In the UK, retailer John Lewis shelled out roughly €7.5 million on a minute and a half long commercial entitled The Journey, which had a special and much hyped airing on Channel 4 in early November, following a number of 10 second long teaser advertisements in the preceding weeks. While a scheduled network premiere of 90 seconds of a six million pound snowman-in-the-snow may seem grandiose and unnecessary, the figures don’t lie. The release of the John Lewis festive commercial coincides with the onset of an annual 11.4% jump in sales, a minimum sustained throughout the season. At £70,000 per second, the company makes an extra £84 million per day. It certainly seems worth it.
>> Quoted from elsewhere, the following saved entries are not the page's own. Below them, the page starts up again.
lemma rprincI [intro]: "a * r \<in> rprinc a"
  by (auto simp: rprinc_iff)

lemma lprinc_self: "a \<in> lprinc a"
  using lprincI[of 1 a] by simp

lemma rprinc_self: "a \<in> rprinc a"
  using rprincI[of a 1] by simp

lemma left_ideal_lprinc: "left_ideal (lprinc a)"
  unfolding left_ideal_def
proof (intro conjI ballI allI)
  show "0 \<in> lprinc a" using lprincI[of 0 a] by simp
next
  fix x y assume "x \<in> lprinc a" "y \<in> lprinc a"
  then show "x - y \<in> lprinc a" by (metis lprinc_iff left_diff_distrib)
next
  fix r x assume "x \<in> lprinc a"
  then show "r * x \<in> lprinc a" by (metis lprinc_iff mult.assoc)
qed

lemma right_ideal_rprinc: "right_ideal (rprinc a)"
  unfolding right_ideal_def
proof (intro conjI ballI allI)
  show "0 \<in> rprinc a" using rprincI[of a 0] by simp
next
  fix x y assume "x \<in> rprinc a" "y \<in> rprinc a"
  then show "x - y \<in> rprinc a" by (metis rprinc_iff right_diff_distrib)
next
  fix r x assume "x \<in> rprinc a"
  then show "x * r \<in> rprinc a" by (metis rprinc_iff mult.assoc)
qed

lemma left_ideal_add:
  assumes "left_ideal P" "x \<in> P" "y \<in> P"
  shows "x + y \<in> P"
proof -
  have "0 - y \<in> P" using assms unfolding left_ideal_def by blast
  then have "x - (0 - y) \<in> P" using assms unfolding left_ideal_def by blast
  then show ?thesis by simp
qed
Meanwhile, the Coca-Cola Corporation asserts that “the appearance of our iconic Christmas advert marks the beginning of the festive season”, and since the company can credit themselves with the popularisation of the modern conception of Santa Claus as white bearded, rosy cheeked, and decked out in a red and white suit from as early as the 1930s; this is arguably not an entirely unfounded assumption. Though radio spots and in-store visual merchandising can, and often do, begin as early as August, the bulk of television adverts come in with Coca-Cola in the first week of November.
The New York Times reported that this increasingly early onset of Christmas themed ads, part of a phenomenon known as ‘Christmas creep’ is intended by retailers to compensate for the recession and the consequential reduction in consumer spending power. With the so-called holidays spread out over months, consumers are able to pace their purchases, stretch their budgets, and ultimately buy more.
Ireland, unfortunately, is far from exempt from this feverishly commercialised take on Christmas. The Late Late Toy Show has been the highest rated programme in Ireland every year for the past ten. In 2009, 2,247,700 total viewers tuned in to RTÉ for the live show and its single rebroadcast, while accordingly, a 30 second feature by the host or his helpers runs for a consistently cool €17,000. First come, first serve.
Defying belief, advertisers rarely come under fire for the calculated manner in which they design their commercials to manipulate viewers, for the grossly consumerist values they propagate, or even for their completely fabricated conception of what Christmas is and what it feels like, that is somehow now embedded as fact in the modern psyche. As if society is collectively in denial, political correctness trumps all of the above. The 2012 commercial for supermarket chain Asda was heavily criticised for being sexist against both women and men, portraying the men as incompetent and lazy and the women as over-worked around the home and forced to shoulder the heavy burden of organising everything.
This is no revelatory stance for advertisers to take: rarely will a man take the lead in selling a cleaning product; unless of course he is overtly idealised in order to appeal to an assumed female target demographic. However, Christmas advertisements will strike nerves where typical spots will not, because they are designed to be explicitly personal, to force the audience to emote and to connect with them, and to sell a glamorous, if fleeting, lifestyle rather than a mere household necessity. Seasonal advertising is a calculated risk and, when successful, a commercial can become a festive institution, beyond the water cooler talk material that marks sales highs for the rest of the year. (Just ask Guinness, Kelloggs, and Coca-Cola.)
Despite all evidence pointing to the fact that the advertisements of the holiday season are, ironically enough, soulless on a borderline Satanic level, as with all vices we might as well just sit back and enjoy them. Don’t get too invested though; if Tesco are making you misty-eyed via flogging Brussels sprouts and turkey, perhaps you should consider reading up on the Gaza Strip.